[Problem description]: Going down the data below, set down exactly the line with "text \<open>The matrix" and each line after it through the line with "S j = (\<chi>"; no other lines.

[Data]:
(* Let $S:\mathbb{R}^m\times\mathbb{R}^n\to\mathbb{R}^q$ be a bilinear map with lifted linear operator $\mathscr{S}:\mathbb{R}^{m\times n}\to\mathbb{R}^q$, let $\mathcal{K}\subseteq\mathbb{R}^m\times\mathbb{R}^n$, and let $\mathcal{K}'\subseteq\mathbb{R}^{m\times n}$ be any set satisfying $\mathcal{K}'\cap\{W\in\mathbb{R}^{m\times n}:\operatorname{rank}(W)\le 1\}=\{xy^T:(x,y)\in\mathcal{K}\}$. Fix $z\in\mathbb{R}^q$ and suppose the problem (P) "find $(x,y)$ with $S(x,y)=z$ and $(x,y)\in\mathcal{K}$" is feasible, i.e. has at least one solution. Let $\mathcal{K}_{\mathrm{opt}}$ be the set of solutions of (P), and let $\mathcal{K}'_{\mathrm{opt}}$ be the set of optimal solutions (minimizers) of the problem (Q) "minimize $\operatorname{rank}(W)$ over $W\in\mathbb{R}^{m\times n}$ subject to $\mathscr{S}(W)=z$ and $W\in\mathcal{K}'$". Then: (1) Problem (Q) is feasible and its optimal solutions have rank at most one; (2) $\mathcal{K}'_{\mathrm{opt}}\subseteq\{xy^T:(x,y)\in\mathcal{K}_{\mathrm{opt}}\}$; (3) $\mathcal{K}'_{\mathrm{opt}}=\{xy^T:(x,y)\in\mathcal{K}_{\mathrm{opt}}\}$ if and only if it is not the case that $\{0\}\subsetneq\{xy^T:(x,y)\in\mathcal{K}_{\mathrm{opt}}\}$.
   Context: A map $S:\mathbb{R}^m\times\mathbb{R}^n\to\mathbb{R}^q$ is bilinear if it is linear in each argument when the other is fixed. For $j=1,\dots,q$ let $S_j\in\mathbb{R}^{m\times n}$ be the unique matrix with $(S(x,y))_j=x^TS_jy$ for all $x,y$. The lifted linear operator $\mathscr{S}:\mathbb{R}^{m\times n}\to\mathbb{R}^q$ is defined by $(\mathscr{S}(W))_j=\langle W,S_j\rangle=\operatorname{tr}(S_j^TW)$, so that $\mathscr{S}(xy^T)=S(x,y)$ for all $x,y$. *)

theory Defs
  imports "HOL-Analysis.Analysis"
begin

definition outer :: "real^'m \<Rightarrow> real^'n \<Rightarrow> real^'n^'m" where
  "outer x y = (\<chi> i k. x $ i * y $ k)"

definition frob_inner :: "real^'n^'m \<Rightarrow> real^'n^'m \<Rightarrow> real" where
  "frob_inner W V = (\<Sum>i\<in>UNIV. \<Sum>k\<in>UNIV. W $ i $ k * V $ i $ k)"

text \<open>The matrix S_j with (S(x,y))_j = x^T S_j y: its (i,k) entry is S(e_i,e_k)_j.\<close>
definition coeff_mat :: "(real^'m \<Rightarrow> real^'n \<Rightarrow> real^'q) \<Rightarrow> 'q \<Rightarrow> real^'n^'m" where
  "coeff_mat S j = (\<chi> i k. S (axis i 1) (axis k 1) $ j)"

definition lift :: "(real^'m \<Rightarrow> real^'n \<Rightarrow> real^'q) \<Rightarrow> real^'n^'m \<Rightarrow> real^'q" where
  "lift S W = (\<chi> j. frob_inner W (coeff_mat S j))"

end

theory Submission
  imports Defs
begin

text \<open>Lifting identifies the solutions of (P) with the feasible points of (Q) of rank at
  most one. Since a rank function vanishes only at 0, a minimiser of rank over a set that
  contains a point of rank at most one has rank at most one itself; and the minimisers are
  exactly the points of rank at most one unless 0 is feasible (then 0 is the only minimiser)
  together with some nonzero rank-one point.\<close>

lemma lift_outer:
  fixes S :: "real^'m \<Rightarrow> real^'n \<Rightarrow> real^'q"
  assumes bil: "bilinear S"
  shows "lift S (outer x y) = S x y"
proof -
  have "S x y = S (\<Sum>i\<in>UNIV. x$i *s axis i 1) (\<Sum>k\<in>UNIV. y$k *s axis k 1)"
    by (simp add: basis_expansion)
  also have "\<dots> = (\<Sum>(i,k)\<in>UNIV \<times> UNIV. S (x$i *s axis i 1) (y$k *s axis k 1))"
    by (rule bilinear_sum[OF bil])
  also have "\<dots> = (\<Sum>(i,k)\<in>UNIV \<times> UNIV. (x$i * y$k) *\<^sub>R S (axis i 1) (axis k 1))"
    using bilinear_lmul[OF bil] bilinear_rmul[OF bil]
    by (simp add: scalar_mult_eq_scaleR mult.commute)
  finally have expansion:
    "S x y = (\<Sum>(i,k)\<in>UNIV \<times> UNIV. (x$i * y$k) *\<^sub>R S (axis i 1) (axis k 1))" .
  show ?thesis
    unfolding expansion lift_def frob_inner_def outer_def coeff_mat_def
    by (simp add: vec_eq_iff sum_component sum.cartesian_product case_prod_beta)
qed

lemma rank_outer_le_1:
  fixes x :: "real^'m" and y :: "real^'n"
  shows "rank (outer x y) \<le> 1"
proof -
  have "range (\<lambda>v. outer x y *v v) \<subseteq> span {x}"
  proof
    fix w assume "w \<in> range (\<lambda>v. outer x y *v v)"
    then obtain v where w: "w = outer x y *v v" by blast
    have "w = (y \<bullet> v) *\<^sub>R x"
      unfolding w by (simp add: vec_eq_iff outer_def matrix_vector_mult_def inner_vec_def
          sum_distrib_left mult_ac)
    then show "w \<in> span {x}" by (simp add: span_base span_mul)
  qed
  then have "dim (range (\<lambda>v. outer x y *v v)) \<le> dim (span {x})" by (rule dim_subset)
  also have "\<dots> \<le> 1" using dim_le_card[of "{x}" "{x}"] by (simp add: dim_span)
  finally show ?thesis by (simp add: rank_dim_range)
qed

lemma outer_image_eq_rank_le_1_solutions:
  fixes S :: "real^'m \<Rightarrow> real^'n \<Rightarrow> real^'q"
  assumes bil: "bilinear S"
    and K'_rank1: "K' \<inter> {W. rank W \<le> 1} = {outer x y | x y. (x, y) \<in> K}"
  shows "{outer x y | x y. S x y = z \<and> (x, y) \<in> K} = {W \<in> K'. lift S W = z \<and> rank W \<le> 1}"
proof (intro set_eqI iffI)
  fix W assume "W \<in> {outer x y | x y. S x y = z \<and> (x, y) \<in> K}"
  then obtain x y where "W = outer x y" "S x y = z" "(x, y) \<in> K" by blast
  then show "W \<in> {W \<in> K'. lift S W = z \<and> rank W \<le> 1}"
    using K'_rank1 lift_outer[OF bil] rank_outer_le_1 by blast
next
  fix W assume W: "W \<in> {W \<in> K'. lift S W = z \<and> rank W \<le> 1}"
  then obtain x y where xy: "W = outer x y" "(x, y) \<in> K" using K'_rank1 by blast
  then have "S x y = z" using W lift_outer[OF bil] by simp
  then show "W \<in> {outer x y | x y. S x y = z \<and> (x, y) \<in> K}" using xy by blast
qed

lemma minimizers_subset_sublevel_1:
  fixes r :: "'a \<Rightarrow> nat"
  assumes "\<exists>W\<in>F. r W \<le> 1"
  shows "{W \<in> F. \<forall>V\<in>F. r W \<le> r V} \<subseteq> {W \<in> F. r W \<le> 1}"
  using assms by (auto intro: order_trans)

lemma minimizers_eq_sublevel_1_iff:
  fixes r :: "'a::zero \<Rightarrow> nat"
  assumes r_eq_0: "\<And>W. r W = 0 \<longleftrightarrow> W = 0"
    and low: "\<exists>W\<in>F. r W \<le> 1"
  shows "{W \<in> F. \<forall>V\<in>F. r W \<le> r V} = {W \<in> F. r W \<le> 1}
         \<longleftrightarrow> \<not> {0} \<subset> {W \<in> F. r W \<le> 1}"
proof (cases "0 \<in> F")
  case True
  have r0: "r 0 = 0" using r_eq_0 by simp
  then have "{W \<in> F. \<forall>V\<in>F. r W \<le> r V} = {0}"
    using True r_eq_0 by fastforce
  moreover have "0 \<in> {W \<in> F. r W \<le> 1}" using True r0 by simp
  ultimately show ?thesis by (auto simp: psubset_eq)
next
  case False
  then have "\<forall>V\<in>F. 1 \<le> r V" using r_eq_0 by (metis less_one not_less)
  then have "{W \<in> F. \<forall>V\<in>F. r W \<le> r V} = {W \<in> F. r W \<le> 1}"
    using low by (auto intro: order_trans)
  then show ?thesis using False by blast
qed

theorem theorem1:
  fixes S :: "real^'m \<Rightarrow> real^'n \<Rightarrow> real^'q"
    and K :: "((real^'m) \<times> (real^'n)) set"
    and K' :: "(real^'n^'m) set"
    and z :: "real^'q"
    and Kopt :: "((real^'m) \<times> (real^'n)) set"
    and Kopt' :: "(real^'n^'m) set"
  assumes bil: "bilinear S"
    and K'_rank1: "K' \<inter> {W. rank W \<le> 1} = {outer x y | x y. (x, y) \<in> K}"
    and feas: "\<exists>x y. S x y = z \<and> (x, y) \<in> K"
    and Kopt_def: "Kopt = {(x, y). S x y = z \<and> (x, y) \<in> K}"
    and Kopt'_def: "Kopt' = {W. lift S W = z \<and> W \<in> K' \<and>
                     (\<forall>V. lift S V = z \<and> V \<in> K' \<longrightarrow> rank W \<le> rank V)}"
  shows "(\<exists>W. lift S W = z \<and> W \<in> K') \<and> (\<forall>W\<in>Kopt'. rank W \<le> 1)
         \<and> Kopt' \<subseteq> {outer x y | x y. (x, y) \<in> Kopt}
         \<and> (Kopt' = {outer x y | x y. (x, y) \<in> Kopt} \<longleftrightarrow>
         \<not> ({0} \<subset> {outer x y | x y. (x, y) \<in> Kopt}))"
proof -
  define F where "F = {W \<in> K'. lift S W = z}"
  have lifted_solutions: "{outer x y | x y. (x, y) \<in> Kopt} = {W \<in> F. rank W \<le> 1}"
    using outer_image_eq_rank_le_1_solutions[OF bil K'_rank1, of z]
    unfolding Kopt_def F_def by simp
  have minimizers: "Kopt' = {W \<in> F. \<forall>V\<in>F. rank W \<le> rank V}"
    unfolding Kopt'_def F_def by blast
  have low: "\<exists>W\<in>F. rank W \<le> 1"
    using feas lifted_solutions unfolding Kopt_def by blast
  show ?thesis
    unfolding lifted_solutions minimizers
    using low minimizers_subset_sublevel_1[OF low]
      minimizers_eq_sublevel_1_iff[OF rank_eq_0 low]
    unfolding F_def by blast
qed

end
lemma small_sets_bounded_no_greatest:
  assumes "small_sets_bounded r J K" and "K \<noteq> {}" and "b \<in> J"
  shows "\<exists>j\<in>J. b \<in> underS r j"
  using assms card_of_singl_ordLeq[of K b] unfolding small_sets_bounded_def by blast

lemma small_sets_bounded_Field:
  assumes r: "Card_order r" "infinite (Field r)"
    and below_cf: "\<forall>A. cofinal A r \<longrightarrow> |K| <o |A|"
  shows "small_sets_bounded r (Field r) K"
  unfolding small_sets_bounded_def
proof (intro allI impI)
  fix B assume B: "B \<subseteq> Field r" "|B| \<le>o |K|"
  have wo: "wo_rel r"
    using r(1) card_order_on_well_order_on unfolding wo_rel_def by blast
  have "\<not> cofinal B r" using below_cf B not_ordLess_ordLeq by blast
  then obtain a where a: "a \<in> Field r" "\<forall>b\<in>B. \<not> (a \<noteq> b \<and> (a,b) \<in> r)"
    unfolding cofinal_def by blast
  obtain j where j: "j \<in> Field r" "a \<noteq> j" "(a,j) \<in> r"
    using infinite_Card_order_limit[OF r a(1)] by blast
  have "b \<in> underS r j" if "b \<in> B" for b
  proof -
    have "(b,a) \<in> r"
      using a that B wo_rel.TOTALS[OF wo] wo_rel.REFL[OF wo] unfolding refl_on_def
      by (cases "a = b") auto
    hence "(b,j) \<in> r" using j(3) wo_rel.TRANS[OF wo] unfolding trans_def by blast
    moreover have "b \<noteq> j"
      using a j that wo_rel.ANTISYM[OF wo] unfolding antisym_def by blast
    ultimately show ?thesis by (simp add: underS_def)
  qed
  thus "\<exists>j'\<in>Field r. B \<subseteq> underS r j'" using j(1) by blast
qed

[Final answer]:
text \<open>The matrix S_j with (S(x,y))_j = x^T S_j y: its (i,k) entry is S(e_i,e_k)_j.\<close>
definition coeff_mat :: "(real^'m \<Rightarrow> real^'n \<Rightarrow> real^'q) \<Rightarrow> 'q \<Rightarrow> real^'n^'m" where
  "coeff_mat S j = (\<chi> i k. S (axis i 1) (axis k 1) $ j)"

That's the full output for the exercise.